I also worry if it's sufficient; can the worklist loop below add new functions to the worklist, which haven't been materialized ahead of time?

Diff 414166 now appears to handle this. I have a TODO on the existing call to GlobalValue::materialize() that I'd like to remove. That causes some tests to fail, so marking this "Changes Planned" until I have more time to sort that out. But PTAL with this approach.

dexonsmith added inline comments.Mar 10 2022, 3:43 PM
llvm/lib/Linker/IRMover.cpp
1522–1526

Can materialize() add things to the Worklist? If so, I don't think the ranged-based for is safe.

I don't think so (though please do triple check).

Is there a way to add an assertion to that effect? If so, it'd be great to do that as a prep commit (do a local bootstrap with assertions on, see if it survives the pre-commit bots, etc.) before we starting to rely on the fact. This is also important to prevent that behaviour from showing up later. As you described, the logic here is entangled. I've been surprised before by various co-recursive things in the valuemapper and irlinker.

1604–1612

I worry this could cause a big compile-time hit for ThinLTO, depending on the exact code paths it uses.

Here's part of a testcase for situation I'm worried about:

; f1.ll
define weak_odr void @f1() {
  ret void
}

; f2.ll
define linkonce_odr void @f1() {
  ret void
}
define void @f2() {
  call @f1()
  ret void
}

The scenario (more scaffolding needed):

  • Linker decides to take @f1 from f1.ll and @f2 from f2.ll.
  • The worklist for f2.bc contains just @f2, and @f1 will (never) be materialized from f2.bc.
  • IIUC, this patch changes it so that @f1 is eagerly materialized from f2.bc even though it will be ignored.

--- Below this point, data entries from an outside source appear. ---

lemma expectation_joint_pmf_condition:
  fixes F :: "('e,'o) state \<Rightarrow> real" and D :: "nat \<times> 'o \<Rightarrow> real"
    and G :: "'e \<Rightarrow> nat \<times> 'o \<Rightarrow> nat \<times> 'o \<Rightarrow> real"
  assumes fin: "finite E" and e: "e \<in> E" and k: "k > 0" and fin_\<mu>: "\<forall>e\<in>E. finite (set_pmf (\<mu> e))"
    and G_nonneg: "\<And>e' y w. 0 \<le> G e' y w"
    and F: "\<And>z. F (unzip_state z) = D (z e) * (\<Prod>e'\<in>E - {e}. G e' (z e) (z e'))"
  shows "measure_pmf.expectation (joint_pmf E k \<mu>) F =
    measure_pmf.expectation (pair_pmf (pmf_of_set {..<k}) (\<mu> e)) (\<lambda>y. D y *
      (\<Prod>e'\<in>E - {e}. measure_pmf.expectation (pair_pmf (pmf_of_set {..<k}) (\<mu> e')) (G e' y)))"
  unfolding joint_pmf_eq_map_unzip_state[OF fin] integral_map_pmf F
  by (rule expectation_Pi_pmf_condition[OF fin e _ G_nonneg]) (use fin_\<mu> k in auto)

lemma expectation_isolated_top_gain_ge:
  fixes acc :: "'e \<Rightarrow> 'o \<Rightarrow> bool"
  assumes fin: "finite E" and e: "e \<in> E" and k: "k > 0"
    and fin_\<mu>: "\<forall>e\<in>E. finite (set_pmf (\<mu> e))"
    and gt_acc: "\<And>e v. \<tau> < x e v \<Longrightarrow> acc e v"
  shows "(\<Prod>e'\<in>E. 1 - accept_prob \<mu> acc e' / real k) *
           measure_pmf.expectation (joint_pmf E k \<mu>) (\<lambda>\<omega>. top_gain E x rk \<tau> \<omega> e)
         \<le> measure_pmf.expectation (joint_pmf E k \<mu>) (\<lambda>\<omega>. isolated_top_gain E x rk acc \<tau> \<omega> e)"
proof -
  let ?\<nu> = "\<lambda>e. pair_pmf (pmf_of_set {..<k}) (\<mu> e)"
  let ?c = "\<Prod>e'\<in>E. 1 - accept_prob \<mu> acc e' / real k"
  define D where "D y = (if \<tau> < x e (snd y) then x e (snd y) - \<tau> else 0)" for y :: "nat \<times> 'o"
  define G :: "'e \<Rightarrow> nat \<times> 'o \<Rightarrow> nat \<times> 'o \<Rightarrow> real"
    where "G = (\<lambda>e' y w. of_bool (ranks_below x rk e' (snd w) e (snd y)))"
  define G_iso :: "'e \<Rightarrow> nat \<times> 'o \<Rightarrow> nat \<times> 'o \<Rightarrow> real"
    where "G_iso = (\<lambda>e' y w. G e' y w * of_bool (\<not> (acc e' (snd w) \<and> fst w = fst y)))"
  have top_gain_eq: "top_gain E x rk \<tau> (unzip_state z) e = D (z e) * (\<Prod>e'\<in>E - {e}. G e' (z e) (z e'))" for z
    using fin by (simp add: top_gain_def is_top_def D_def G_def prod_of_bool)
  have top_gain: "measure_pmf.expectation (joint_pmf E k \<mu>) (\<lambda>\<omega>. top_gain E x rk \<tau> \<omega> e) =
      measure_pmf.expectation (?\<nu> e) (\<lambda>y. D y * (\<Prod>e'\<in>E - {e}. measure_pmf.expectation (?\<nu> e') (G e' y)))"
    using top_gain_eq by (intro expectation_joint_pmf_condition[OF fin e k fin_\<mu>]) (simp_all add: G_def)
  have isolated: "measure_pmf.expectation (joint_pmf E k \<mu>) (\<lambda>\<omega>. isolated_top_gain E x rk acc \<tau> \<omega> e) =
      measure_pmf.expectation (?\<nu> e) (\<lambda>y. D y * (\<Prod>e'\<in>E - {e}. measure_pmf.expectation (?\<nu> e') (G_iso e' y)))"
    using fin by (intro expectation_joint_pmf_condition[OF fin e k fin_\<mu>])
      (simp_all add: isolated_top_gain_def top_gain_eq G_iso_def G_def prod.distrib prod_of_bool)
  have pointwise: "?c * (D y * (\<Prod>e'\<in>E - {e}. measure_pmf.expectation (?\<nu> e') (G e' y)))
      \<le> D y * (\<Prod>e'\<in>E - {e}. measure_pmf.expectation (?\<nu> e') (G_iso e' y))"
    if "y \<in> set_pmf (?\<nu> e)" for y
  proof (cases "\<tau> < x e (snd y)")
    case True
    have y: "fst y < k" using that k by auto
    have "?c * (\<Prod>e'\<in>E - {e}. measure_pmf.expectation (?\<nu> e') (G e' y))
        \<le> (\<Prod>e'\<in>E - {e}. measure_pmf.expectation (?\<nu> e') (G_iso e' y))"
      unfolding G_iso_def G_def of_bool_conj[symmetric]
      using prod_uniform_avoid_ge[where x=x and \<tau>=\<tau> and acc=acc and rk=rk, OF fin e fin_\<mu> gt_acc y True]
      by simp
    then have "D y * (?c * (\<Prod>e'\<in>E - {e}. measure_pmf.expectation (?\<nu> e') (G e' y)))
        \<le> D y * (\<Prod>e'\<in>E - {e}. measure_pmf.expectation (?\<nu> e') (G_iso e' y))"
      by (rule mult_left_mono) (simp add: D_def)
    then show ?thesis by (simp only: mult.left_commute)
  qed (simp add: D_def)
  have "finite (set_pmf (?\<nu> e))" using fin_\<mu> e k by simp
  then have "measure_pmf.expectation (?\<nu> e)
        (\<lambda>y. ?c * (D y * (\<Prod>e'\<in>E - {e}. measure_pmf.expectation (?\<nu> e') (G e' y))))
      \<le> measure_pmf.expectation (?\<nu> e)
        (\<lambda>y. D y * (\<Prod>e'\<in>E - {e}. measure_pmf.expectation (?\<nu> e') (G_iso e' y)))"
    using pointwise by (intro integral_mono_AE integrable_measure_pmf_finite AE_pmfI)
  then show ?thesis unfolding top_gain isolated by simp
qed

In the general case, this would effectively defeat lazy-loading of templates and inline functions.

@tejohnson , do you know how to set up the above scenario for ThinLTO?

tejohnson added inline comments.Mar 11 2022, 9:11 AM
llvm/lib/Linker/IRMover.cpp
1604–1612

Yes this is a good catch. But I think where it affects issues is a slight change from what you have described above. We don't use the IRMover to load the destination module for each ThinLTO backend, so it wouldn't affect f2.ll when we are importing into it - f2.ll will be parsed here: http://llvm-cs.pcc.me.uk/lib/LTO/LTO.cpp#1088) in the thread for its ThinLTO backend.

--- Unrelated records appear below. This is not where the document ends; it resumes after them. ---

(* Let $H$ be a Hilbert space and $T$ a densely defined closed operator on $H$ with closed range. The following are equivalent: (1) $T$ is selfadjoint; (2) $T=\overline{w(T^{*})T}\,T^{*}$; (3) $T^{*}=TT^{*}w(T)$.
   Context: For a densely defined closed operator $A$ with closed range, $A^{*}$ is its adjoint, $C(A)=D(A)\cap N(A)^{\perp}$, and the Moore–Penrose inverse $A^{\dagger}$ is defined on $R(A)\oplus^{\perp}R(A)^{\perp}$ by $A^{\dagger}y=(A|_{C(A)})^{-1}y$ for $y\in R(A)$ and $A^{\dagger}y=0$ for $y\in R(A)^{\perp}$. The generalized Cauchy dual is $w(A)=A(A^{*}A)^{\dagger}$; products of operators are on natural domains, and $\overline{B}$ is the closure of a closable operator $B$. *)

theory Defs
  imports "HOL-Analysis.Analysis"
begin

text \<open>HOL-Analysis only provides real inner product spaces, so we introduce
complex vector spaces and complex Hilbert spaces as type classes.  The inner
product is conjugate-linear in the first and linear in the second argument.\<close>

class complex_vector = real_vector +
  fixes scaleC :: "complex \<Rightarrow> 'a \<Rightarrow> 'a"
  assumes scaleC_add_right: "scaleC a (x + y) = scaleC a x + scaleC a y"
    and scaleC_add_left: "scaleC (a + b) x = scaleC a x + scaleC b x"
    and scaleC_scaleC: "scaleC a (scaleC b x) = scaleC (a * b) x"
    and scaleC_one: "scaleC 1 x = x"
    and scaleR_scaleC: "scaleR r x = scaleC (complex_of_real r) x"

class complex_hilbert_space = complex_vector + banach +
  fixes cinner :: "'a \<Rightarrow> 'a \<Rightarrow> complex"
  assumes cinner_commute: "cinner x y = cnj (cinner y x)"
    and cinner_add_right: "cinner x (y + z) = cinner x y + cinner x z"
    and cinner_scaleC_right: "cinner x (scaleC a y) = a * cinner x y"
    and norm_eq_sqrt_cinner: "norm x = sqrt (Re (cinner x x))"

However, where it will affect things is when we are importing f2 into another module, when the copy of f1 was selected from f1.ll. We can use llvm-lto2 which is passed explicit linker resolutions to simulate.

; f1.ll
target datalayout = "e-m:e-p270:32:32-p271:32:32-p272:64:64-i64:64-f80:128-n8:16:32:64-S128"
target triple = "x86_64-grtev4-linux-gnu"

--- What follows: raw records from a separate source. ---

lemma is_ring_hom_map_poly:
  assumes "is_ring_hom h"
  shows "is_ring_hom (map_poly h)"
proof -
  have h0: "h 0 = 0" using assms by (rule is_ring_hom_0)
  have "map_poly h (a + b) = map_poly h a + map_poly h b" for a b
    by (rule poly_eqI) (simp add: coeff_map_poly h0 is_ring_hom_add[OF assms])
  moreover have "map_poly h (a * b) = map_poly h a * map_poly h b" for a b
    by (rule poly_eqI)
      (simp add: coeff_map_poly h0 coeff_mult is_ring_hom_sum[OF assms] is_ring_hom_mult[OF assms])
  moreover have "map_poly h 1 = 1" using is_ring_hom_1[OF assms] by simp
  ultimately show ?thesis by (simp add: is_ring_hom_def)
qed

lemma is_ring_hom_poly_commute:
  assumes "is_ring_hom h"
  shows "h (poly P z) = poly (map_poly h P) (h z)"
  by (induction P)
    (simp_all add: map_poly_pCons is_ring_hom_0[OF assms] is_ring_hom_add[OF assms]
      is_ring_hom_mult[OF assms])

lemma is_ring_hom_pderiv_commute:
  assumes "is_ring_hom h"
  shows "map_poly h (pderiv p) = pderiv (map_poly h p)"
  by (rule poly_eqI)
    (simp add: coeff_map_poly coeff_pderiv is_ring_hom_0[OF assms] is_ring_hom_mult[OF assms]
      is_ring_hom_of_nat[OF assms] del: of_nat_Suc)

lemma const_combination_if_no_common_factor:
  fixes p q :: "'a::{factorial_ring_gcd,semiring_gcd_mult_normalize} poly"
  assumes nz: "p \<noteq> 0 \<or> q \<noteq> 0"
    and common: "\<And>d. d dvd p \<Longrightarrow> d dvd q \<Longrightarrow> degree d = 0"
  obtains r a b where "r \<noteq> 0" and "a * p + b * q = [:r:]"
proof -
  define S where "S = {h. h \<noteq> 0 \<and> (\<exists>a b. h = a * p + b * q)}"
  have "p = 1 * p + 0 * q" "q = 0 * p + 1 * q" by simp_all
  then have "p \<in> S \<or> q \<in> S" unfolding S_def using nz by blast
  then obtain h where hS: "h \<in> S" and hmin: "\<And>h'. h' \<in> S \<Longrightarrow> degree h \<le> degree h'"
    using ex_has_least_nat[of "\<lambda>h. h \<in> S" _ degree] by blast
  from hS obtain a b where h0: "h \<noteq> 0" and hab: "h = a * p + b * q" unfolding S_def by auto
  \<comment> \<open>Pseudo-division by a combination of minimal degree leaves the remainder zero.\<close>
  have "primitive_part h dvd p'" if p': "p' = p \<or> p' = q" for p'
  proof -
    obtain c k where c: "c \<noteq> 0" and ck: "smult c p' = h * k + pseudo_mod p' h"
      using pseudo_mod(1)[OF h0, of p'] by blast
    have "pseudo_mod p' h = ([:c:] * (if p' = p then 1 else 0) - k * a) * p
                          + ([:c:] * (if p' = p then 0 else 1) - k * b) * q"
      using p' ck by (auto simp: hab algebra_simps eq_diff_eq)
    then have "pseudo_mod p' h = 0"
      using pseudo_mod(2)[OF h0, of p'] hmin[of "pseudo_mod p' h"] unfolding S_def by fastforce
    then have "h dvd smult c p'" using ck by simp
    moreover have "primitive_part h dvd h"
      by (metis content_times_primitive_part dvd_smult dvd_refl)
    ultimately have "fract_poly (primitive_part h) dvd smult (to_fract c) (fract_poly p')"
      by (metis dvd_trans fract_poly_dvd fract_poly_smult)
    then have "fract_poly (primitive_part h) dvd fract_poly p'"
      using c by (simp add: dvd_smult_iff)
    then show "primitive_part h dvd p'"
      by (rule fract_poly_dvdD) (use h0 in simp)
  qed
  then have "degree (primitive_part h) = 0" using common by blast
  then have "degree h = 0" by simp
  then have "h = [:coeff h 0:]" and "coeff h 0 \<noteq> 0"
    using h0 by (auto simp: degree_0_id elim: degree_eq_zeroE)
  then show ?thesis using that hab by metis
qed

lemma prod_mset_dvd_prod_mset_pointwise:
  assumes "\<And>x. x \<in># M \<Longrightarrow> F x dvd G x"
  shows "(\<Prod>x\<in>#M. F x) dvd (\<Prod>x\<in>#M. G x)"
  using assms by (induction M) (auto intro: mult_dvd_mono)

lemma prod_proots_linear_factors:
  fixes p :: "complex poly"
  assumes "p \<noteq> 0"
  shows "(\<Prod>x\<in>#proots p. [:-x, 1:]) = smult (inverse (lead_coeff p)) p"
  using assms complex_poly_decompose_multiset[of p] by (metis leading_coeff_0_iff smult_smult
    field_class.field_inverse smult_1_left)

lemma complex_poly_nonunit_root:
  fixes p :: "complex poly"
  assumes "p \<noteq> 0" and "\<not> is_unit p"
  obtains a where "poly p a = 0"
proof -
  have "\<not> (\<exists>a l. a \<noteq> 0 \<and> l = 0 \<and> p = pCons a l)"
    using assms by (auto simp: is_unit_const_poly_iff dvd_field_iff)
  then show ?thesis using fundamental_theorem_of_algebra_alt that by blast
qed

definition is_ideal :: "'a::comm_ring_1 set \<Rightarrow> bool" where
  "is_ideal I \<longleftrightarrow> 0 \<in> I \<and> (\<forall>a\<in>I. \<forall>b\<in>I. a + b \<in> I) \<and> (\<forall>a\<in>I. \<forall>c. c * a \<in> I)"

definition ideal_insert :: "'a::comm_ring_1 \<Rightarrow> 'a set \<Rightarrow> 'a set" where
  "ideal_insert a I = {i + c * a | i c. i \<in> I}"

definition ideal_pair :: "'a::comm_ring_1 \<Rightarrow> 'a \<Rightarrow> 'a set" where
  "ideal_pair p q = {a * p + b * q | a b. True}"

lemma is_ideal_mult: "is_ideal I \<Longrightarrow> a \<in> I \<Longrightarrow> c * a \<in> I"
  by (simp add: is_ideal_def)

lemma is_ideal_ideal_pair: "is_ideal (ideal_pair p q)"
  unfolding is_ideal_def
proof (intro conjI ballI allI)
  show "0 \<in> ideal_pair p q"
    unfolding ideal_pair_def by (auto intro!: exI[of _ 0])
next
  fix x y assume "x \<in> ideal_pair p q" "y \<in> ideal_pair p q"
  then obtain a b a' b' where "x = a * p + b * q" "y = a' * p + b' * q"
    unfolding ideal_pair_def by blast
  then have "x + y = (a + a') * p + (b + b') * q" by (simp add: algebra_simps)
  then show "x + y \<in> ideal_pair p q" unfolding ideal_pair_def by blast
next
  fix x c assume "x \<in> ideal_pair p q"
  then obtain a b where "x = a * p + b * q" unfolding ideal_pair_def by blast
  then have "c * x = (c * a) * p + (c * b) * q" by (simp add: algebra_simps)
  then show "c * x \<in> ideal_pair p q" unfolding ideal_pair_def by blast
qed

lemma is_ideal_ideal_insert:
  assumes I: "is_ideal I"
  shows "is_ideal (ideal_insert a I)"
  unfolding is_ideal_def
proof (intro conjI ballI allI)
  have "0 = 0 + 0 * a" "0 \<in> I" using I by (simp_all add: is_ideal_def)
  then show "0 \<in> ideal_insert a I" unfolding ideal_insert_def by blast
next
  fix x y assume "x \<in> ideal_insert a I" "y \<in> ideal_insert a I"
  then obtain i c j d where "x = i + c * a" "y = j + d * a" "i \<in> I" "j \<in> I"
    unfolding ideal_insert_def by blast
  moreover from this have "x + y = (i + j) + (c + d) * a" by (simp add: algebra_simps)
  ultimately show "x + y \<in> ideal_insert a I"
    using I unfolding ideal_insert_def is_ideal_def by blast
next
  fix x e assume "x \<in> ideal_insert a I"
  then obtain i c where "x = i + c * a" "i \<in> I" unfolding ideal_insert_def by blast
  moreover from this have "e * x = e * i + (e * c) * a" by (simp add: algebra_simps)
  ultimately show "e * x \<in> ideal_insert a I"
    using I unfolding ideal_insert_def is_ideal_def by blast
qed

lemma multiple_mem_ideal_insert: "is_ideal I \<Longrightarrow> c * a \<in> ideal_insert a I"
  unfolding ideal_insert_def is_ideal_def by force

lemma mult_mem_ideal_insert:
  assumes "is_ideal I" "h \<in> ideal_insert a I" "k \<in> ideal_insert b I"
  shows "h * k \<in> ideal_insert (a * b) I"
proof -
  obtain i c where h: "h = i + c * a" "i \<in> I" using assms(2) unfolding ideal_insert_def by auto
  obtain j d where k: "k = j + d * b" "j \<in> I" using assms(3) unfolding ideal_insert_def by auto
  have "h * k = (k * i + (c * a) * j) + (c * d) * (a * b)"
    by (simp add: h k algebra_simps)
  moreover have "k * i + (c * a) * j \<in> I" using assms(1) h k unfolding is_ideal_def by blast
  ultimately show ?thesis unfolding ideal_insert_def by blast
qed

lemma prod_mset_mem_ideal_insert:
  assumes "is_ideal I" "\<And>x. x \<in># M \<Longrightarrow> F x \<in> ideal_insert (G x) I"
  shows "(\<Prod>x\<in>#M. F x) \<in> ideal_insert (\<Prod>x\<in>#M. G x) I"
  using assms(2)
proof (induction M)
  case empty
  show ?case using multiple_mem_ideal_insert[OF assms(1), of 1 1] by simp
next
  case (add x M)
  then show ?case using mult_mem_ideal_insert[OF assms(1)] by simp
qed

lemma ideal_insert_absorb:
  assumes I: "is_ideal I" and "a \<in> I" and "h \<in> ideal_insert a I"
  shows "h \<in> I"
proof -
  obtain i c where "h = i + c * a" "i \<in> I" using assms(3) unfolding ideal_insert_def by blast
  with I \<open>a \<in> I\<close> show ?thesis unfolding is_ideal_def by simp
qed

abbreviation eval_x :: "complex \<Rightarrow> bipoly \<Rightarrow> complex poly" where
  "eval_x \<alpha> \<equiv> map_poly (\<lambda>c. poly c \<alpha>)"

abbreviation const_x :: "complex poly \<Rightarrow> bipoly" where
  "const_x \<equiv> map_poly (\<lambda>c. [:c:])"

abbreviation x_minus :: "complex \<Rightarrow> bipoly" where
  "x_minus \<alpha> \<equiv> [:[:-\<alpha>, 1:]:]"

lemma is_ring_hom_eval_x: "is_ring_hom (eval_x \<alpha>)"
  by (rule is_ring_hom_map_poly[OF is_ring_hom_poly])

lemma is_ring_hom_const_x: "is_ring_hom const_x"
  by (rule is_ring_hom_map_poly[OF is_ring_hom_const_poly])

lemma is_ring_hom_const2: "is_ring_hom const2"
  by (simp add: is_ring_hom_def const2_def pCons_one)

lemma is_ring_hom_eval2: "is_ring_hom (\<lambda>h. eval2 h a b)"
  unfolding eval2_def by (rule is_ring_hom_comp[OF is_ring_hom_eval_x is_ring_hom_poly])

lemma is_ring_hom_subst_bipoly: "is_ring_hom (\<lambda>m. subst_bipoly m f)"
  unfolding subst_bipoly_def
  by (rule is_ring_hom_comp[OF is_ring_hom_map_poly[OF is_ring_hom_const2] is_ring_hom_poly])

lemma eval2_const2 [simp]: "eval2 (const2 c) a b = c"
  by (simp add: eval2_def const2_def map_poly_pCons)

define weak_odr void @f1() {
  ret void
}

; f2.ll
target datalayout = "e-m:e-p270:32:32-p271:32:32-p272:64:64-i64:64-f80:128-n8:16:32:64-S128"
target triple = "x86_64-grtev4-linux-gnu"

define linkonce_odr void @f1() {
  ret void
}
define void @f2() {
  call void @f1()
  ret void
}

; f3.ll
target datalayout = "e-m:e-p270:32:32-p271:32:32-p272:64:64-i64:64-f80:128-n8:16:32:64-S128"
target triple = "x86_64-grtev4-linux-gnu"

declare void @f2()
define void @f3() {
  call void @f2()
  ret void
}
$ opt -module-summary f1.ll -o f1.o
$ opt -module-summary f2.ll -o f2.o
$ opt -module-summary f2.ll -o f2.o
$ llvm-lto2 run f1.o f2.o f3.o -save-temps -o f -r=f1.o,f1,plx -r=f2.o,f1, -r=f2.o,f2,plx -r=f3.o,f2, -r=f3.o,f3,plx -debug-only=function-import

The end of the debug output shows what we import from where into f3.o:

Is importing function 2072045998141807037 f1 from f1.ll
Not importing function 2072045998141807037 f1 from f2.ll
Is importing function 8471399308421654326 f2 from f2.ll
Imported 2 functions for Module f3.o

So we should not materialize f1 from f2.o when importing in f3.o's ThinLTO backend thread.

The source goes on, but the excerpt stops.